The symmetric form of a line in three-dimensional space beautifully compacts three equations into a single expression. Imagine having these expressions: \( \frac{x}{a} = \frac{b-y}{d} = \frac{z-c}{f} \). This expression reveals the relationship between variables on the line.
The behavior of a line in space is connected to its symmetric form through:

• It shows proportional relationships among the coordinates.
• It hints at the direction of the line with the denominators \(a, d, f\).

For the example line \( \frac{x}{2} = \frac{1-y}{3} = \frac{z-5}{6} \):

• These values \(2, -3, 6\) act as the direction vector components.
• They indicate how each axis changes.

This form allows quick conversion to parametric form by equating each part to a parameter \(t\).

The direction vector is the secret compass of a line in space. For a line, it shows how the line extends.
In the symmetric form, the direction vector is clear from the denominators: \( \langle a, d, f \rangle \) or specifically \( \langle 2, -3, 6 \rangle \) for our example.
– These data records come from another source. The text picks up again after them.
theorem svrg_expected_gm_le:
  fixes f :: "nat \<Rightarrow> 'a::euclidean_space \<Rightarrow> real" and gf :: "nat \<Rightarrow> 'a \<Rightarrow> 'a" and h :: "'a \<Rightarrow> ereal"
  assumes n: "n \<ge> 1"
    and grad: "\<And>i x. i < n \<Longrightarrow> (f i has_derivative (\<lambda>v. gf i x \<bullet> v)) (at x)"
    and smooth: "\<And>i x y. i < n \<Longrightarrow> norm (gf i x - gf i y) \<le> L * norm (x - y)"
    and hp: "ext_proper h" and hl: "ext_lsc h" and hc: "ext_convex h"
    and eta: "eta > 0"
    and step_size: "2 * eta * L\<^sup>2 * real n * (real n - 1) \<le> 1 / (2 * eta) - L / 2"
    and h0: "h x0 = ereal h0" and hs: "h xstar = ereal hs"
    and opt: "\<And>x. ereal ((\<Sum>i<n. f i xstar) / real n) + h xstar \<le> ereal ((\<Sum>i<n. f i x) / real n) + h x"
    and T: "T > 0" "n dvd T"
  shows "svrg_expected_gm n gf h x0 T n 1 eta
    \<le> 2 / eta * ((\<Sum>i<n. f i x0) / real n + h0 - ((\<Sum>i<n. f i xstar) / real n + hs)) / real T"
proof -
  define W where "W = PiE ({0..<T} \<times> {0..<1}) (\<lambda>_::nat \<times> nat. {0..<n})"
  have "(\<Sum>a<T. (norm (grad_mapping n gf h eta (svrg_iter n gf h x0 n 1 eta w a)))\<^sup>2)
      \<le> 2 / eta * ((\<Sum>i<n. f i x0) / real n + h0 - ((\<Sum>i<n. f i xstar) / real n + hs))"
    if "w \<in> W" for w
  proof -
    interpret prox_svrg_path n L eta f gf h x0 w T
      using n grad smooth hp hl hc eta step_size h0 \<open>w \<in> W\<close>
      by unfold_locales (auto simp: W_def PiE_iff)
    have "T div n * n = T" using T(2) by simp
    then show ?thesis using sum_G_le_gap[of "T div n" xstar] opt h0 hs by simp
  qed
  then show ?thesis
    unfolding svrg_expected_gm_def svrg_space_def svrg_steps_multiple[OF T(2)] W_def[symmetric]
    by (intro expectation_pmf_of_set_times_le) (use T n in \<open>auto simp: W_def PiE_eq_empty_iff intro: finite_PiE\<close>)
qed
This vector:

• Describes the line's direction.
• Is unaffected by starting points.

Hence, when finding lines parallel in space:

• Using the direction vector ensures parallelism.
• Varying only the start point gives a new line.

For every unit of movement in \(x\), you move proportionately in \(y \, \text{and} \, z\).
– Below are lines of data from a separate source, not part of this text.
lemma sum_card_Int_eq_sum_multiplicity:
  assumes "finite I" "finite U" "\<And>i. i \<in> I \<Longrightarrow> A i \<subseteq> U"
  shows "(\<Sum>i\<in>I. \<Sum>j\<in>I-{i}. real (card (A i \<inter> A j)))
           = (\<Sum>z\<in>U. (\<Sum>i\<in>I. of_bool (z \<in> A i)) ^ 2 - (\<Sum>i\<in>I. of_bool (z \<in> A i)))"
proof -
  define c where "c z = (\<Sum>i\<in>I. of_bool (z \<in> A i) :: real)" for z
  let ?r = "\<lambda>i z. of_bool (z \<in> A i) :: real"
  have others: "(\<Sum>j\<in>I-{i}. ?r j z) = c z - ?r i z" if "i \<in> I" for i z
    unfolding c_def using sum.remove[OF assms(1) that, of "\<lambda>j. ?r j z"] by simp
  have "(\<Sum>i\<in>I. \<Sum>j\<in>I-{i}. real (card (A i \<inter> A j)))
      = (\<Sum>i\<in>I. \<Sum>j\<in>I-{i}. \<Sum>z\<in>U. ?r i z * ?r j z)"
    using card_Int_eq_sum_of_bool[OF assms(2,3)] by simp
  also have "\<dots> = (\<Sum>z\<in>U. \<Sum>i\<in>I. ?r i z * (\<Sum>j\<in>I-{i}. ?r j z))"
    by (simp add: sum_distrib_left sum.swap[of _ "I - {_}" U] sum.swap[of _ I U])
  also have "\<dots> = (\<Sum>z\<in>U. \<Sum>i\<in>I. ?r i z * c z - ?r i z)"
    by (intro sum.cong refl) (simp add: others right_diff_distrib)
  also have "\<dots> = (\<Sum>z\<in>U. c z ^ 2 - c z)"
    by (simp add: sum_subtractf c_def sum_distrib_right power2_eq_square)
  finally show ?thesis unfolding c_def .
qed

lemma nat_minus_pairs_le_one: "real m - (real m * real m - real m) / 2 \<le> 1"
proof -
  have "(real m - 1) * (real m - 2) \<ge> 0"
    by (cases "m \<le> 1") (auto simp: le_Suc_eq mult_nonneg_nonneg)
  then show ?thesis by (simp add: algebra_simps field_simps)
qed

text \<open>A point lying in exactly \<open>c\<close> of the sets contributes \<open>c - c(c-1)/2 \<le> 1\<close> to the
  right-hand side.\<close>

lemma card_UNION_ge_Bonferroni:
  fixes A :: "'i \<Rightarrow> 'a set"
  assumes finI: "finite I" and finA: "\<And>i. i \<in> I \<Longrightarrow> finite (A i)"
  shows "real (card (\<Union>i\<in>I. A i)) \<ge> (\<Sum>i\<in>I. real (card (A i)))
            - (\<Sum>i\<in>I. \<Sum>j\<in>I-{i}. real (card (A i \<inter> A j))) / 2"
proof -
  define U where "U = (\<Union>i\<in>I. A i)"
  define c where "c z = (\<Sum>i\<in>I. of_bool (z \<in> A i) :: real)" for z
  have finU: "finite U" unfolding U_def using finI finA by auto
  have sub: "A i \<subseteq> U" if "i \<in> I" for i unfolding U_def using that by auto
  have "(\<Sum>i\<in>I. real (card (A i))) = (\<Sum>z\<in>U. c z)"
    unfolding c_def by (rule sum_card_eq_sum_multiplicity[of U I A, OF finU sub])
  moreover have "(\<Sum>i\<in>I. \<Sum>j\<in>I-{i}. real (card (A i \<inter> A j))) = (\<Sum>z\<in>U. c z ^ 2 - c z)"
    unfolding c_def by (rule sum_card_Int_eq_sum_multiplicity[of I U A, OF finI finU sub])
  ultimately have "(\<Sum>i\<in>I. real (card (A i))) - (\<Sum>i\<in>I. \<Sum>j\<in>I-{i}. real (card (A i \<inter> A j))) / 2
      = (\<Sum>z\<in>U. c z - (c z ^ 2 - c z) / 2)"
    by (simp add: sum_subtractf sum_divide_distrib[symmetric])
  also have "\<dots> \<le> (\<Sum>z\<in>U. 1)"
  proof (rule sum_mono)
    fix z
    have "c z = real (card (I \<inter> {i. z \<in> A i}))" unfolding c_def using finI by simp
    then show "c z - (c z ^ 2 - c z) / 2 \<le> 1" using nat_minus_pairs_le_one by (simp add: power2_eq_square)
  qed
  finally show ?thesis unfolding U_def by simp
qed

lemma real_choose_two: "real (m choose 2) = real m * (real m - 1) / 2"
proof (cases m)
  case (Suc k)
  have "2 * (m choose 2) = m * (m - 1)" unfolding choose_two using Suc by simp
  then have "2 * real (m choose 2) = real m * real (m - 1)" by (metis of_nat_mult of_nat_numeral)
  then show ?thesis using Suc by (simp add: of_nat_diff)
qed simp

lemma card_Times_self_real: "real (card (A \<times> A)) = real (card A) ^ 2"
  by (simp add: card_cartesian_product power2_eq_square)

lemma card_Times_self_Diff_real:
  assumes "finite A" "B \<subseteq> A"
  shows "real (card (A \<times> A - B \<times> B)) = real (card A) ^ 2 - real (card B) ^ 2"
proof -
  have sub: "B \<times> B \<subseteq> A \<times> A" using assms by auto
  moreover have "finite (B \<times> B)" using assms finite_subset by blast
  ultimately have "card (A \<times> A - B \<times> B) = card (A \<times> A) - card (B \<times> B)" by (simp add: card_Diff_subset)
  moreover have "card (B \<times> B) \<le> card (A \<times> A)" using card_mono[OF _ sub] assms by simp
  ultimately show ?thesis by (simp add: of_nat_diff card_Times_self_real)
qed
Bringing lines to life in space involves writing their equations. Lines in 3D have favorable representations, like parametric equations. Given a direction vector \( \langle a, d, f \rangle \) and a specific point \((x_0, y_0, z_0)\):
The line's parametric equations become:
\[ x = x_0 + at, \, y = y_0 + dt, \, z = z_0 + ft \]
In our example, using point \((6, 4, -2)\) and direction vector \( \langle 2, -3, 6 \rangle \):
\[ x = 6 + 2t, \, y = 4 - 3t, \, z = -2 + 6t \]
Where \( t \) is a real number. This gives a powerful way to trace any point along the line with varying \( t \). Lines can be:

• Infinite with respect to the parameter \( t \).
• Customized with different starting points but consistent directions.
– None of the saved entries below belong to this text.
lemma Kop_eq_if_eigen_coeffs_eq:
  fixes x S T :: "'a::chilbert_space \<Rightarrow> 'a"
  assumes x: "x \<in> Kop" "adj x = x" and S: "S \<in> Kop" and T: "T \<in> Kop"
    and eq: "\<And>\<xi> \<eta>. \<xi> \<in> eigenvectors x \<Longrightarrow> \<eta> \<in> eigenvectors x \<Longrightarrow>
      cinner \<xi> (S \<eta>) = cinner \<xi> (T \<eta>)"
  shows "S = T"
proof
  define R where "R = (\<lambda>v. S v - T v)"
  have R: "R \<in> Kop"
    unfolding R_def by (rule Kop_minus[OF S T])
  have R_eigen: "cinner \<xi> (R \<eta>) = 0" if "\<xi> \<in> eigenvectors x" "\<eta> \<in> eigenvectors x" for \<xi> \<eta>
    using eq[OF that] by (simp add: R_def cinner_diff_right)
  have "adj R \<xi> = 0" if "\<xi> \<in> eigenvectors x" for \<xi>
  proof (rule eigenvectors_total[OF x])
    have "cinner \<eta> (adj R \<xi>) = cnj (cinner \<xi> (R \<eta>))" for \<eta>
      using cinner_adj_right[OF R, of \<eta> \<xi>] cinner_commute[of "R \<eta>" \<xi>] by simp
    then show "adj R \<xi> \<in> orth_compl (eigenvectors x)"
      using R_eigen[OF that] by (simp add: orth_compl_def)
  qed
  then have "R w = 0" for w
    by (intro eigenvectors_total[OF x]) (simp add: orth_compl_def cinner_adj_left[OF R, symmetric])
  then show "S w = T w" for w
    by (simp add: R_def)
qed

section \<open>Weak-2-local \<open>*\<close>-derivations\<close>

definition vector_functional :: "'a::complex_inner \<Rightarrow> 'a \<Rightarrow> ('a \<Rightarrow> 'a) \<Rightarrow> complex" where
  "vector_functional u w S = cinner u (S w)"

lemma dual_K_vector_functional: "dual_K (vector_functional u w)"
  unfolding dual_K_def
proof (intro conjI ballI allI)
  show "vector_functional u w (opadd a b) = vector_functional u w a + vector_functional u w b" for a b
    by (simp add: vector_functional_def opadd_def cinner_add_right)
  show "vector_functional u w (opscale c a) = c * vector_functional u w a" for c a
    by (simp add: vector_functional_def opscale_def cinner_scaleC_right)
  have "cmod (vector_functional u w a) \<le> (norm u * norm w) * onorm a" if "a \<in> Kop" for a
  proof -
    have "cmod (vector_functional u w a) \<le> norm u * norm (a w)"
      unfolding vector_functional_def by (rule cinner_Cauchy_Schwarz)
    also have "\<dots> \<le> norm u * (onorm a * norm w)"
      by (intro mult_left_mono norm_Kop_le_onorm[OF that]) simp_all
    finally show ?thesis
      by (simp add: mult_ac)
  qed
  then show "\<exists>C. \<forall>a\<in>Kop. cmod (vector_functional u w a) \<le> C * onorm a"
    by blast
qed

lemma weak_2_local_star_derivationE:
  assumes "weak_2_local_star_derivation \<Delta>" "a \<in> Kop" "b \<in> Kop"
  obtains D where "star_derivation D"
    "cinner u (\<Delta> a w) = cinner u (D a w)" "cinner u (\<Delta> b w) = cinner u (D b w)"
  using assms dual_K_vector_functional[of u w]
  unfolding weak_2_local_star_derivation_def vector_functional_def by blast

lemma weak_2_local_Kop: "weak_2_local_star_derivation \<Delta> \<Longrightarrow> a \<in> Kop \<Longrightarrow> \<Delta> a \<in> Kop"
  unfolding weak_2_local_star_derivation_def by blast

lemma star_derivationD:
  assumes "star_derivation D" "a \<in> Kop" "b \<in> Kop"
  shows "D a \<in> Kop" "D (opadd a b) = opadd (D a) (D b)" "D (opscale c a) = opscale c (D a)"
    "D (a \<circ> b) = opadd (D a \<circ> b) (a \<circ> D b)" "D (adj a) = adj (D a)"
  using assms unfolding star_derivation_def by blast+

lemma star_derivation_self_adjoint_diagonal_real:
  fixes b :: "'a::chilbert_space \<Rightarrow> 'a"
  assumes D: "star_derivation D" and b: "b \<in> Kop" "adj b = b"
  shows "Im (cinner v (D b v)) = 0"
proof -
  have Db: "D b \<in> Kop" "adj (D b) = D b"
    using star_derivationD[OF D b(1) b(1)] b(2) by auto
  have "cinner v (D b v) = cnj (cinner v (D b v))"
    using cinner_adj_left[OF Db(1), of v v] cinner_commute[of v "D b v"] Db(2) by simp
  then show ?thesis
    using Reals_cnj_iff complex_is_Real_iff by metis
qed

lemma star_derivation_eigen_coeff:
  fixes c :: "'a::chilbert_space \<Rightarrow> 'a"
  assumes D: "star_derivation D" and c: "c \<in> Kop"
    and c_eigen: "c \<eta> = \<alpha> *\<^sub>C \<eta>" and adj_eigen: "adj c \<xi> = \<nu> *\<^sub>C \<xi>"
  shows "cinner \<eta> \<eta> * cinner \<xi> (D c \<eta>) = (\<alpha> - cnj \<nu>) * cinner \<xi> (D (rank_one \<eta>) \<eta>)"
proof -
  define p where "p = rank_one \<eta>"
  have p: "p \<in> Kop"
    unfolding p_def by (rule rank_one_Kop)
  have "c \<circ> p = opscale \<alpha> p"
    by (simp add: fun_eq_iff p_def rank_one_def opscale_def KopD(2)[OF c] c_eigen
        scaleC_scaleC mult.commute)
  then have "opscale \<alpha> (D p) = opadd (D c \<circ> p) (c \<circ> D p)"
    using star_derivationD(3,4)[OF D p c] star_derivationD(4)[OF D c p] by simp
  then have "opscale \<alpha> (D p) \<eta> = opadd (D c \<circ> p) (c \<circ> D p) \<eta>"
    by (rule fun_cong)
  then have Leibniz: "\<alpha> *\<^sub>C D p \<eta> = D c (p \<eta>) + c (D p \<eta>)"
    by (simp add: opadd_def opscale_def)
  have Dc_p: "D c (p \<eta>) = cinner \<eta> \<eta> *\<^sub>C D c \<eta>"
    using KopD(2)[OF star_derivationD(1)[OF D c c]] by (simp add: p_def rank_one_def)
  have c_Dp: "cinner \<xi> (c (D p \<eta>)) = cnj \<nu> * cinner \<xi> (D p \<eta>)"
    using cinner_adj_left[OF c, of \<xi> "D p \<eta>"] adj_eigen by (simp add: cinner_scaleC_left)
  have "\<alpha> * cinner \<xi> (D p \<eta>) = cinner \<xi> (\<alpha> *\<^sub>C D p \<eta>)"
    by (simp add: cinner_scaleC_right)
  also have "\<dots> = cinner \<xi> (D c (p \<eta>)) + cinner \<xi> (c (D p \<eta>))"
    unfolding Leibniz by (rule cinner_add_right)
  also have "\<dots> = cinner \<eta> \<eta> * cinner \<xi> (D c \<eta>) + cnj \<nu> * cinner \<xi> (D p \<eta>)"
    by (simp add: Dc_p c_Dp cinner_scaleC_right)
  finally show ?thesis
    by (simp add: p_def algebra_simps)
qed

lemma weak_2_local_eigen_coeff:
  fixes c :: "'a::chilbert_space \<Rightarrow> 'a"
  assumes \<Delta>: "weak_2_local_star_derivation \<Delta>" and c: "c \<in> Kop"
    and "c \<eta> = \<alpha> *\<^sub>C \<eta>" "adj c \<xi> = \<nu> *\<^sub>C \<xi>"
  shows "cinner \<eta> \<eta> * cinner \<xi> (\<Delta> c \<eta>) = (\<alpha> - cnj \<nu>) * cinner \<xi> (\<Delta> (rank_one \<eta>) \<eta>)"
proof -
  obtain D where "star_derivation D" "cinner \<xi> (\<Delta> c \<eta>) = cinner \<xi> (D c \<eta>)"
      "cinner \<xi> (\<Delta> (rank_one \<eta>) \<eta>) = cinner \<xi> (D (rank_one \<eta>) \<eta>)"
    using weak_2_local_star_derivationE[OF \<Delta> c rank_one_Kop] by blast
  then show ?thesis
    using star_derivation_eigen_coeff[OF _ c assms(3,4)] by simp
qed

lemma weak_2_local_homogeneous:
  assumes \<Delta>: "weak_2_local_star_derivation \<Delta>" and a: "a \<in> Kop"
  shows "\<Delta> (opscale c a) = opscale c (\<Delta> a)"
proof (rule op_eqI_cinner)
  fix u v
  obtain D where D: "star_derivation D" "cinner u (\<Delta> (opscale c a) v) = cinner u (D (opscale c a) v)"
      "cinner u (\<Delta> a v) = cinner u (D a v)"
    using weak_2_local_star_derivationE[OF \<Delta> Kop_opscale[OF a] a] by blast
  then show "cinner u (\<Delta> (opscale c a) v) = cinner u (opscale c (\<Delta> a) v)"
    using star_derivationD(3)[OF D(1) a a] by (simp add: opscale_def cinner_scaleC_right)
qed

lemma weak_2_local_additive_on_gen_cstar:
  fixes x :: "'a::chilbert_space \<Rightarrow> 'a"
  assumes \<Delta>: "weak_2_local_star_derivation \<Delta>" and x: "x \<in> Kop" "adj x = x"
    and a: "a \<in> gen_cstar x" and b: "b \<in> gen_cstar x"
  shows "\<Delta> (opadd a b) = opadd (\<Delta> a) (\<Delta> b)"
proof -
  have aK: "a \<in> Kop" and a_diag: "eigenvectors x \<subseteq> eigenvectors a \<inter> eigenvectors (adj a)"
    using a gen_cstar_eigenvectors[OF x] by blast+
  have bK: "b \<in> Kop" and b_diag: "eigenvectors x \<subseteq> eigenvectors b \<inter> eigenvectors (adj b)"
    using b gen_cstar_eigenvectors[OF x] by blast+
  have cK: "opadd a b \<in> Kop"
    by (rule Kop_opadd[OF aK bK])
  show ?thesis
  proof (rule Kop_eq_if_eigen_coeffs_eq[OF x])
    show "\<Delta> (opadd a b) \<in> Kop"
      by (rule weak_2_local_Kop[OF \<Delta> cK])
    show "opadd (\<Delta> a) (\<Delta> b) \<in> Kop"
      by (rule Kop_opadd[OF weak_2_local_Kop[OF \<Delta> aK] weak_2_local_Kop[OF \<Delta> bK]])
    fix \<xi> \<eta> assume \<xi>: "\<xi> \<in> eigenvectors x" and \<eta>: "\<eta> \<in> eigenvectors x"
    then have "\<eta> \<in> eigenvectors a" "\<eta> \<in> eigenvectors b"
      "\<xi> \<in> eigenvectors (adj a)" "\<xi> \<in> eigenvectors (adj b)"
      using a_diag b_diag by blast+
    then obtain \<alpha>1 \<alpha>2 \<nu>1 \<nu>2 where eigen:
      "a \<eta> = \<alpha>1 *\<^sub>C \<eta>" "b \<eta> = \<alpha>2 *\<^sub>C \<eta>" "adj a \<xi> = \<nu>1 *\<^sub>C \<xi>" "adj b \<xi> = \<nu>2 *\<^sub>C \<xi>"
      unfolding eigenvectors_def by blast
    then have "opadd a b \<eta> = (\<alpha>1 + \<alpha>2) *\<^sub>C \<eta>" "adj (opadd a b) \<xi> = (\<nu>1 + \<nu>2) *\<^sub>C \<xi>"
      unfolding adj_opadd[OF aK bK] by (simp_all add: opadd_def scaleC_add_left)
    note coeff = weak_2_local_eigen_coeff[OF \<Delta> cK this]
      weak_2_local_eigen_coeff[OF \<Delta> aK eigen(1,3)] weak_2_local_eigen_coeff[OF \<Delta> bK eigen(2,4)]
    have "cinner \<eta> \<eta> * cinner \<xi> (\<Delta> (opadd a b) \<eta>) =
        cinner \<eta> \<eta> * cinner \<xi> (\<Delta> a \<eta>) + cinner \<eta> \<eta> * cinner \<xi> (\<Delta> b \<eta>)"
      unfolding coeff by (simp add: algebra_simps)
    then show "cinner \<xi> (\<Delta> (opadd a b) \<eta>) = cinner \<xi> (opadd (\<Delta> a) (\<Delta> b) \<eta>)"
    proof (cases "\<eta> = 0")
      case True
      then show ?thesis
        using Kop_zero[OF weak_2_local_Kop[OF \<Delta> cK]] Kop_zero[OF weak_2_local_Kop[OF \<Delta> aK]]
          Kop_zero[OF weak_2_local_Kop[OF \<Delta> bK]]
        by (simp add: opadd_def)
    qed (simp add: cinner_eq_zero_iff opadd_def cinner_add_right flip: distrib_left)
  qed
qed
Vectors in space form the backbone of how we navigate through three dimensions. They represent more than just points; they convey *direction and magnitude*.
Key features include:

• Describing positions, directions, and displacements.
• Characterization with components like \( \langle x, y, z \rangle \).

In line equations, they specifically:

• Indicate the movement's direction using components.
• Without starting point restrictions, define infinite parallel lines.

If you visualize moving along a line, you're traveling along its vector. Vectors are versatile in describing linear motion, showing how parts move in relation to each other in space.